Figuring Out What Has Been Done: Duplicated Notes (And Documenting My Failed Attempt…)

What was the problem?

This time, I’m trying to track down see/see-also notes that, because of a problem in the original EAD 1.0 -> EAD 2002 transform, were duplicated to parent components. A lot of really good clean-up work was done with these — we want to know what’s left.

How did I figure this out?

I haven’t. This has totally failed and I could use some help.

I had a lot of thoughts initially about how to pull this off, and I was mostly concerned about how oXygen would be able to handle any solution I came up with. Happily, my colleague Mark introduced me to BaseX, which is an xml database and xQuery processor. It’s awesome, and has been able to handle everything I’ve thrown at it thus far.

When it came down to it, I realized that I just wanted to find the note, then find a note in the parent component, and figure out if they were the same. I toyed with the idea of making a hash of each of these and comparing them, but it turned out that BaseX was able (I think) to handle the content of the note itself.

The xQuery is here, and the meaty bits are below.

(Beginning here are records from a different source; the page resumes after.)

text \<open>At \<open>t = 0\<close> the only zero of \<open>u \<mapsto> chart_charpoly r 0 u\<close> on the chart disc is the
  simple zero \<open>u = 0\<close>; the other factors keep their sign on the disc since the other columns
  are far away.\<close>

lemma chart_charpoly_0_sign_change:
  assumes realK
  shows "Re (chart_charpoly r 0 (of_real (- chart_radius))) * Re (chart_charpoly r 0 (of_real chart_radius)) < 0"
proof -
  define h where "h s u = Re (- wedge (c s) (chart r (of_real u)))" for s u
  have h: "- wedge (c s) (chart r (of_real u)) = of_real (h s u)" for s u
    using inK_wedge[OF vecK_c vecK_chordal_chart[OF vecK_c]] assms
    by (simp add: h_def inK_def)
  obtain D where D: "det A * det B = of_real D"
    using det_inK[OF AK] det_inK[OF BK] assms by (metis Reals_cases inK_def inK_intros(7))
  have "D \<noteq> 0"
    using D invertible_of_sigma_min_pos[OF sigma_min_pos(1)] invertible_of_sigma_min_pos[OF sigma_min_pos(2)]
    by (auto simp: invertible_det_nz)
  have F0: "Re (chart_charpoly r 0 (of_real u)) = D * (- u) * (\<Prod>s\<in>UNIV - {r}. h s u)" for u
    unfolding chart_charpoly_0 D h by (simp flip: of_real_prod of_real_mult of_real_minus)
  have "h s (- chart_radius) * h s chart_radius > 0" if "s \<noteq> r" for s
  proof (rule nonvanishing_imp_same_sign[of "- chart_radius" chart_radius "h s"])
    show "continuous_on {- chart_radius..chart_radius} (h s)"
      unfolding h_def chordal_chart_def wedge_def vector_add_component vector_smult_component
      by (intro continuous_intros)
    fix u assume "- chart_radius \<le> u" "u \<le> chart_radius"
    then have "\<delta> / 2 \<le> chordal (c s) (chart r (of_real u))"
      using far_from_other_columns[OF that chart_nonzero] chordal_chart_le by simp
    then show "h s u \<noteq> 0"
      using h[of s u] delta_pos chordal_eq_0_iff[OF c_nonzero chart_nonzero, of s r "of_real u"] by auto
  qed (use chart_radius_pos in simp)
  then have "(\<Prod>s\<in>UNIV - {r}. h s (- chart_radius)) * (\<Prod>s\<in>UNIV - {r}. h s chart_radius) > 0"
    unfolding prod.distrib[symmetric] by (intro prod_pos) auto
  moreover have "(D * chart_radius)\<^sup>2 > 0"
    using \<open>D \<noteq> 0\<close> chart_radius_pos by simp
  ultimately have "(D * chart_radius)\<^sup>2 * ((\<Prod>s\<in>UNIV - {r}. h s (- chart_radius)) * (\<Prod>s\<in>UNIV - {r}. h s chart_radius)) > 0"
    by simp
  then show ?thesis
    unfolding F0 by (simp add: power2_eq_square mult_ac)
qed

lemma real_chart_root:
  assumes realK
  shows "\<exists>u. \<bar>u\<bar> \<le> chart_radius \<and> chart_charpoly r 1 (of_real u) = 0"
proof -
  define G where "G t u = Re (chart_charpoly r t (of_real u))" for t u
  have real: "chart_charpoly r t (of_real u) = of_real (G t u)" for t u
    using det_inK[OF matK_slicecomb[OF tensorK_homotopy vecK_perp[OF vecK_chordal_chart[OF vecK_c]]]] assms
    by (simp add: G_def chart_charpoly_def charpoly_def inK_def)
  have "\<exists>u. - chart_radius \<le> u \<and> u \<le> chart_radius \<and> G 1 u = 0"
  proof (rule real_root_persists)
    show "0 \<le> chart_radius" using chart_radius_pos by simp
    show "continuous_on {0..1} (\<lambda>t. G t u)" for u
      unfolding G_def by (intro continuous_intros continuous_on_chart_charpoly)
    show "continuous_on {- chart_radius..chart_radius} (G 1)"
      unfolding G_def by (intro continuous_intros continuous_on_chart_charpoly)
    show "G t u \<noteq> 0" if "0 \<le> t" "t \<le> 1" "\<bar>u\<bar> = chart_radius" for t u
    proof -
      have "charpoly (homotopy t) (perp (chart r (of_real u))) \<noteq> 0"
        by (rule boundary_nonroot[OF that(1,2) vecK_chordal_chart[OF vecK_c]]) (use that(3) in simp)
      then show ?thesis using real[of t u] by (simp add: chart_charpoly_def)
    qed
    show "G 0 (- chart_radius) * G 0 chart_radius < 0"
      using chart_charpoly_0_sign_change[OF assms] by (simp add: G_def)
  qed
  then obtain u where u: "- chart_radius \<le> u" "u \<le> chart_radius" "G 1 u = 0" by blast
  then have "\<bar>u\<bar> \<le> chart_radius" by linarith
  then show ?thesis using real[of 1 u] u(3) by auto
qed

lemma complex_chart_root:
  assumes "\<not> realK"
  shows "\<exists>z. cmod z < chart_radius \<and> chart_charpoly r 1 z = 0"
proof (rule holomorphic_root_persists)
  show "continuous_on ({0..1} \<times> cball 0 chart_radius) (\<lambda>p. chart_charpoly r (fst p) (snd p))"
    by (intro continuous_on_chart_charpoly continuous_intros)
  show "chart_charpoly r t holomorphic_on ball 0 chart_radius" for t
    by (rule holomorphic_chart_charpoly)
  show "chart_charpoly r t z \<noteq> 0" if "0 \<le> t" "t \<le> 1" "cmod z = chart_radius" for t z
    using boundary_nonroot[OF that(1,2) vecK_complex[OF assms] that(3)] by (simp add: chart_charpoly_def)
  show "cmod 0 < chart_radius" using chart_radius_pos by simp
  show "chart_charpoly r 0 0 = 0" by (simp add: chart_charpoly_0)
qed

lemma root_near_each_column:
  "\<exists>l. vecK realK l \<and> l \<noteq> 0 \<and> charpoly W (perp l) = 0 \<and> chordal (c r) l \<le> bound"
proof -
  obtain z where z: "cmod z \<le> chart_radius" "vecK realK (chart r z)" "chart_charpoly r 1 z = 0"
  proof (cases realK)
    case True
    then obtain u where "\<bar>u\<bar> \<le> chart_radius" "chart_charpoly r 1 (of_real u) = 0"
      using real_chart_root by blast
    then show ?thesis using that[of "of_real u"] vecK_chordal_chart[OF vecK_c] by simp
  next
    case False
    then obtain z where "cmod z < chart_radius" "chart_charpoly r 1 z = 0"
      using complex_chart_root by blast
    then show ?thesis using that[of z] vecK_complex[OF False, of "chart r z"] by simp
  qed
  then have root: "charpoly W (perp (chart r z)) = 0"
    by (simp add: chart_charpoly_def homotopy_1)
  obtain s where s: "chordal (c s) (chart r z) \<le> bound"
    using root_near[of 1, OF _ _ z(2) chart_nonzero] z(3) by (auto simp: chart_charpoly_def)
  have "s = r"
    using far_from_other_columns[OF _ chart_nonzero chordal_chart_le[OF z(1)]] s bound_less by fastforce
  then show ?thesis using z(2) chart_nonzero root s by blast
qed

declare variable $COLLECTION as document-node()* := db:open('MSSAAtExport');

for $note in $COLLECTION//ead:ead//ead:note//text()
let $doc := base-uri($note),
$parent-note := $note/parent::ead:c/parent::ead:c/ead:note[1]//text()

Basically, I’ve put all of my EAD in a database in BaseX called “MSSAAtExport” (which is the best thing I could have done — it made everything fast and awesome). Then, I declared my main variable, $note (any <note> element, anywhere, although strictly speaking I’m only interested in notes in the <dsc>). I declared $doc as the file I’m in.

Finally, (and here’s where I’m pretty sure my mistake is, so PLEASE CHECK), I created another variable for the note that might have been duplicated. Because that’s the problem, right? There are notes in components that were duplicated in parent components. So, $parent-note starts at $note, then goes up to its own <c>, then goes up to the parent <c>, and then goes down to the parent <note>. For both the $note and $parent-note, I was hoping to simplify things by just comparing the text of the element, and not everything else.

Finally, I have the return statement.

return
<dupes>
<doc>{$doc}</doc>
<results>{if ($note eq $parent-note)
 then "same"
 else "different"
 }</results>
</dupes>

So, it came back with no matches. This is great, right? It means that there are no notes that were duplicated at the parent! Hooray!!!!

BUT, before congratulating myself too much, I decided to test it by inserting a note in the parent component of a component with a note, and checking to see if they came back the same. No dice. They came back as different, which means that there’s something wrong with this query.

The appeal

If you’re so inclined, please check my work and let me know where I messed up. Alternately, let me know if you have thoughts on a better/easier way to do this. Until then, I’ll keep chipping away at other reports in my list.